Final Report Summary - METABRAILLE (A longitudinal MRI study on dual Braille/Visual alphabet readers. Challenging the canonical view of the brain where each sensory modality is processed by a dedicated system (visual, somatosensory...))

Under the current project, we have carried out the planned research on Braille reading in sighted subjects. We also extended the pursuit of the same research questions, namely the mechanisms of large-scale plasticity in the human brain and the division-of-labour in the brain in changing circumstances with additional experiments in deaf and blind subjects.

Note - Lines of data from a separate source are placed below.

(* A vector Psi of C^n (x) C^k amounts to k slices psi_i of C^n, Psi = sum_i psi_i (x) e_i, and an
   operator A (x) 1 acts slice by slice. Writing psi_i = sqrt(t_i) phi_i with unit vectors phi_i, the
   unit vectors Psi correspond to weights t_i >= 0 with sum 1 together with k unit vectors phi_i, and
   both the image of |Psi><Psi| under the dual of iota-bar and the energy <Psi|W (x) 1|Psi> are the
   t-weighted averages of the corresponding quantities for the phi_i. So the pure states of the
   convexified theory realise exactly the k-fold convex combinations of the pairs
   (iota^*(|phi><phi|), <phi|W|phi>), and the identity of functionals reduces to the fact that an
   infimum of weighted sums over independent fibres is the weighted sum of the fibrewise infima. *)

section \<open>Unit vectors and expectation values\<close>

definition sq_norm :: "complex vec \<Rightarrow> real" where
  "sq_norm \<psi> = (\<Sum>a<dim_vec \<psi>. (cmod (\<psi> $ a))\<^sup>2)"

lemma unit_vecs_iff: "\<psi> \<in> unit_vecs n \<longleftrightarrow> \<psi> \<in> carrier_vec n \<and> sq_norm \<psi> = 1"
  by (auto simp: unit_vecs_def sq_norm_def)

lemma sq_norm_smult: "sq_norm (c \<cdot>\<^sub>v \<psi>) = (cmod c)\<^sup>2 * sq_norm \<psi>"
  by (simp add: sq_norm_def sum_distrib_left norm_mult power_mult_distrib)

lemma sq_norm_nonneg: "0 \<le> sq_norm \<psi>"
  by (simp add: sq_norm_def sum_nonneg)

The brain is capable of large-scale reorganization in blindness or after massive injury. Such reorganization crosses the division into separate sensory cortices (visual, somatosensory...). As its result, the visual cortex of the blind becomes active during tactile Braille reading. At the onset of ours research, there were two outstanding questions regarding this kind of large-scale reorganization. First, although the possibility of such reorganization in the normal, adult brain has been raised, definitive evidence has been lacking. Second, most of the data available was from the visual cortex – almost no data was available from other cortices, notably the auditory cortex.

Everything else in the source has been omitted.